**Task details**
Below are entries; output exactly the lines from the one with "on the orthogonal" to the one with "define q where", both included, and nothing else.

**Material for this exercise**

(* Let $G=(V,E)$ be a simple connected graph with $N\ge 2$ nodes, and let $\tilde{L}_\tau$ denote either its Mellin transformed $d$-path Laplacian $\tilde{L}_{\mathrm{Mell}}=\sum_{d=1}^{d_{max}} d^{-s}L_d$ (with parameter $s>0$) or its Laplace transformed $d$-path Laplacian $\tilde{L}_{\mathrm{Lapl}}=L+\sum_{d=2}^{d_{max}} e^{-\lambda d}L_d$ (with parameter $\lambda>0$). Then $\lambda_2(\tilde{L}_\tau)/N\to\lambda_2(L)/N$ as $s\to\infty$ (respectively $\lambda\to\infty$), and $\lambda_2(\tilde{L}_\tau)/N\to 1$ as $s\to 0$ (respectively $\lambda\to 0$).
   Context: For a simple connected graph $G=(V,E)$ with $N$ nodes, $d_{ij}$ denotes the shortest-path distance between nodes $i$ and $j$ and $d_{max}$ the diameter. $L$ is the usual graph Laplacian ($L_{ii}=k_i$ the degree, $L_{ij}=-1$ if $(i,j)\in E$, $0$ otherwise). For $1\le d\le d_{max}$, the $d$-path Laplacian $L_d$ is the $N\times N$ matrix with $(L_d)_{ij}=-1$ if $i\neq j$ and $d_{ij}=d$, $(L_d)_{ij}=0$ if $i\ne j$ and $d_{ij}\neq d$, and $(L_d)_{ii}$ equal to the number of nodes $j$ with $d_{ij}=d$; thus $L_1=L$. For such Laplacian-type matrices $M$, $0=\lambda_1(M)\le\lambda_2(M)\le\cdots\le\lambda_N(M)$ denote the eigenvalues in increasing order. *)

theory Defs
  imports Complex_Main "Jordan_Normal_Form.Char_Poly" "HOL-Library.Multiset"
begin

definition simple_graph :: "nat \<Rightarrow> (nat \<Rightarrow> nat \<Rightarrow> bool) \<Rightarrow> bool" where
  "simple_graph N E \<longleftrightarrow> (\<forall>i j. E i j \<longrightarrow> i < N \<and> j < N) \<and>
     (\<forall>i j. E i j \<longrightarrow> E j i) \<and> (\<forall>i. \<not> E i i)"

definition walk :: "nat \<Rightarrow> (nat \<Rightarrow> nat \<Rightarrow> bool) \<Rightarrow> nat list \<Rightarrow> bool" where
  "walk N E xs \<longleftrightarrow> xs \<noteq> [] \<and> set xs \<subseteq> {..<N} \<and>
     (\<forall>k. Suc k < length xs \<longrightarrow> E (xs ! k) (xs ! Suc k))"

definition connected_graph :: "nat \<Rightarrow> (nat \<Rightarrow> nat \<Rightarrow> bool) \<Rightarrow> bool" where
  "connected_graph N E \<longleftrightarrow> (\<forall>i<N. \<forall>j<N. \<exists>xs. walk N E xs \<and> hd xs = i \<and> last xs = j)"

text \<open>Shortest-path distance: number of edges of a shortest walk.\<close>
definition gdist :: "nat \<Rightarrow> (nat \<Rightarrow> nat \<Rightarrow> bool) \<Rightarrow> nat \<Rightarrow> nat \<Rightarrow> nat" where
  "gdist N E i j = (LEAST k. \<exists>xs. walk N E xs \<and> hd xs = i \<and> last xs = j \<and> length xs = Suc k)"

definition diameter :: "nat \<Rightarrow> (nat \<Rightarrow> nat \<Rightarrow> bool) \<Rightarrow> nat" where
  "diameter N E = Max {gdist N E i j | i j. i < N \<and> j < N}"

definition degree :: "nat \<Rightarrow> (nat \<Rightarrow> nat \<Rightarrow> bool) \<Rightarrow> nat \<Rightarrow> nat" where
  "degree N E i = card {j. j < N \<and> E i j}"

definition laplacian :: "nat \<Rightarrow> (nat \<Rightarrow> nat \<Rightarrow> bool) \<Rightarrow> real mat" where
  "laplacian N E = mat N N (\<lambda>(i,j). if i = j then real (degree N E i)
                                     else if E i j then -1 else 0)"

definition path_laplacian :: "nat \<Rightarrow> (nat \<Rightarrow> nat \<Rightarrow> bool) \<Rightarrow> nat \<Rightarrow> real mat" where
  "path_laplacian N E d = mat N N (\<lambda>(i,j). if i = j then real (card {k. k < N \<and> gdist N E i k = d})
                                     else if gdist N E i j = d then -1 else 0)"

definition mellin_laplacian :: "nat \<Rightarrow> (nat \<Rightarrow> nat \<Rightarrow> bool) \<Rightarrow> real \<Rightarrow> real mat" where
  "mellin_laplacian N E s = mat N N (\<lambda>ij.
     \<Sum>d = 1..diameter N E. (real d powr (- s)) * (path_laplacian N E d $$ ij))"

definition laplace_laplacian :: "nat \<Rightarrow> (nat \<Rightarrow> nat \<Rightarrow> bool) \<Rightarrow> real \<Rightarrow> real mat" where
  "laplace_laplacian N E l = mat N N (\<lambda>ij. laplacian N E $$ ij +
     (\<Sum>d = 2..diameter N E. exp (- l * real d) * (path_laplacian N E d $$ ij)))"

text \<open>Eigenvalues (with algebraic multiplicity) in increasing order, as the sorted list
  of the roots of the characteristic polynomial; lambda_k is the k-th (1-based).\<close>
definition sorted_eigenvalues :: "real mat \<Rightarrow> real list" where
  "sorted_eigenvalues M = (THE xs. sorted xs \<and> length xs = dim_row M \<and>
      (\<forall>x. count (mset xs) x = order x (char_poly M)))"

definition eig :: "nat \<Rightarrow> real mat \<Rightarrow> real" where
  "eig k M = sorted_eigenvalues M ! (k - 1)"

end

theory Submission
  imports Defs "Jordan_Normal_Form.Schur_Decomposition" "HOL-Real_Asymp.Real_Asymp"
begin

text \<open>All matrices involved are real symmetric, so they have an orthonormal eigenbasis, and
  \<open>\<lambda>\<^sub>2\<close> is bounded from both sides by Rayleigh quotients: from below on the orthogonal
  complement of the first eigenvector, from above on the span of the first two. Comparing two
  matrices on one test vector that has both properties gives the Weyl-type bound
  \<open>|\<lambda>\<^sub>2(B) - \<lambda>\<^sub>2(A)| \<le> \<Sum>\<^sub>i\<^sub>j |B\<^sub>i\<^sub>j - A\<^sub>i\<^sub>j|\<close>, so \<open>\<lambda>\<^sub>2\<close> depends continuously on
  the entries. As \<open>s, \<lambda> \<rightarrow> \<infinity>\<close> all weights except that of \<open>L\<^sub>1 = L\<close> vanish; as
  \<open>s, \<lambda> \<rightarrow> 0\<close> all weights tend to 1, and \<open>\<Sum>\<^sub>d L\<^sub>d\<close> is the Laplacian \<open>N I - J\<close> of the
  complete graph, whose \<open>\<lambda>\<^sub>2\<close> is \<open>N\<close>.\<close>

section \<open>Spectral theorem for real symmetric matrices\<close>

lemma transpose_eq_index_sym:
  assumes "transpose_mat A = A" "i < dim_row A" "j < dim_row A"
  shows "A $$ (i,j) = A $$ (j,i)"
  using assms arg_cong[OF assms(1), of "\<lambda>M. M $$ (j,i)"]
  by (metis index_transpose_mat(1) index_transpose_mat(3))

lemma eigenvalue_complexified_symmetric_real:
  fixes A :: "real mat"
  assumes A: "A \<in> carrier_mat n n" and sym: "transpose_mat A = A"
    and ev: "eigenvalue (map_mat complex_of_real A) a"
  shows "a \<in> \<real>"
proof -
  let ?A = "map_mat complex_of_real A"
  from ev obtain v where v: "v \<in> carrier_vec n" "v \<noteq> 0\<^sub>v n" "?A *\<^sub>v v = a \<cdot>\<^sub>v v"
    unfolding eigenvalue_def eigenvector_def using A by auto
  have Av: "(?A *\<^sub>v v) $ i = (\<Sum>j<n. complex_of_real (A $$ (i,j)) * v $ j)" if "i < n" for i
    using that A v(1) by (auto simp: scalar_prod_def lessThan_atLeast0 intro!: sum.cong)
  define q where "q = (\<Sum>i<n. \<Sum>j<n. cnj (v $ i) * complex_of_real (A $$ (i,j)) * v $ j)"
  define S where "S = (\<Sum>i<n. cnj (v $ i) * v $ i)"
  have "q = (\<Sum>i<n. cnj (v $ i) * (?A *\<^sub>v v) $ i)"
    unfolding q_def by (simp add: Av sum_distrib_left mult.assoc)
  also have "\<dots> = a * S"
    using v(1) by (simp add: v(3) S_def sum_distrib_left algebra_simps)
  finally have q_eq: "q = a * S" .
  have "cnj q = (\<Sum>i<n. \<Sum>j<n. v $ i * complex_of_real (A $$ (i,j)) * cnj (v $ j))"
    unfolding q_def by (simp add: cnj_sum)
  also have "\<dots> = (\<Sum>j<n. \<Sum>i<n. v $ i * complex_of_real (A $$ (i,j)) * cnj (v $ j))"
    by (rule sum.swap)
  also have "\<dots> = q" unfolding q_def
    using transpose_eq_index_sym[OF sym] A
    by (intro sum.cong refl) (simp add: mult.commute mult.left_commute)
  finally have "q \<in> \<real>" using Reals_cnj_iff by blast
  have S_real: "S = complex_of_real (\<Sum>i<n. (Re (v $ i))\<^sup>2 + (Im (v $ i))\<^sup>2)"
    unfolding S_def of_real_sum by (intro sum.cong refl) (simp only: complex_mult_cnj mult.commute)
  obtain i where "i < n" "v $ i \<noteq> 0" using v(1,2) by (metis carrier_vecD eq_vecI index_zero_vec)
  then have "(\<Sum>i<n. (Re (v $ i))\<^sup>2 + (Im (v $ i))\<^sup>2) > 0"
    by (intro sum_pos2[of _ i]) (auto simp: complex_neq_0)
  then have "S \<noteq> 0" unfolding S_real of_real_eq_0_iff by linarith
  with \<open>q \<in> \<real>\<close> show ?thesis using q_eq S_real by (metis Reals_divide Reals_of_real nonzero_mult_div_cancel_right)
qed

**Solution**
  \<open>\<lambda>\<^sub>2\<close> is bounded from both sides by Rayleigh quotients: from below on the orthogonal
  complement of the first eigenvector, from above on the span of the first two. Comparing two
  matrices on one test vector that has both properties gives the Weyl-type bound
  \<open>|\<lambda>\<^sub>2(B) - \<lambda>\<^sub>2(A)| \<le> \<Sum>\<^sub>i\<^sub>j |B\<^sub>i\<^sub>j - A\<^sub>i\<^sub>j|\<close>, so \<open>\<lambda>\<^sub>2\<close> depends continuously on
  the entries. As \<open>s, \<lambda> \<rightarrow> \<infinity>\<close> all weights except that of \<open>L\<^sub>1 = L\<close> vanish; as
  \<open>s, \<lambda> \<rightarrow> 0\<close> all weights tend to 1, and \<open>\<Sum>\<^sub>d L\<^sub>d\<close> is the Laplacian \<open>N I - J\<close> of the
  complete graph, whose \<open>\<lambda>\<^sub>2\<close> is \<open>N\<close>.\<close>

section \<open>Spectral theorem for real symmetric matrices\<close>

lemma transpose_eq_index_sym:
  assumes "transpose_mat A = A" "i < dim_row A" "j < dim_row A"
  shows "A $$ (i,j) = A $$ (j,i)"
  using assms arg_cong[OF assms(1), of "\<lambda>M. M $$ (j,i)"]
  by (metis index_transpose_mat(1) index_transpose_mat(3))

lemma eigenvalue_complexified_symmetric_real:
  fixes A :: "real mat"
  assumes A: "A \<in> carrier_mat n n" and sym: "transpose_mat A = A"
    and ev: "eigenvalue (map_mat complex_of_real A) a"
  shows "a \<in> \<real>"
proof -
  let ?A = "map_mat complex_of_real A"
  from ev obtain v where v: "v \<in> carrier_vec n" "v \<noteq> 0\<^sub>v n" "?A *\<^sub>v v = a \<cdot>\<^sub>v v"
    unfolding eigenvalue_def eigenvector_def using A by auto
  have Av: "(?A *\<^sub>v v) $ i = (\<Sum>j<n. complex_of_real (A $$ (i,j)) * v $ j)" if "i < n" for i
    using that A v(1) by (auto simp: scalar_prod_def lessThan_atLeast0 intro!: sum.cong)
  define q where "q = (\<Sum>i<n. \<Sum>j<n. cnj (v $ i) * complex_of_real (A $$ (i,j)) * v $ j)"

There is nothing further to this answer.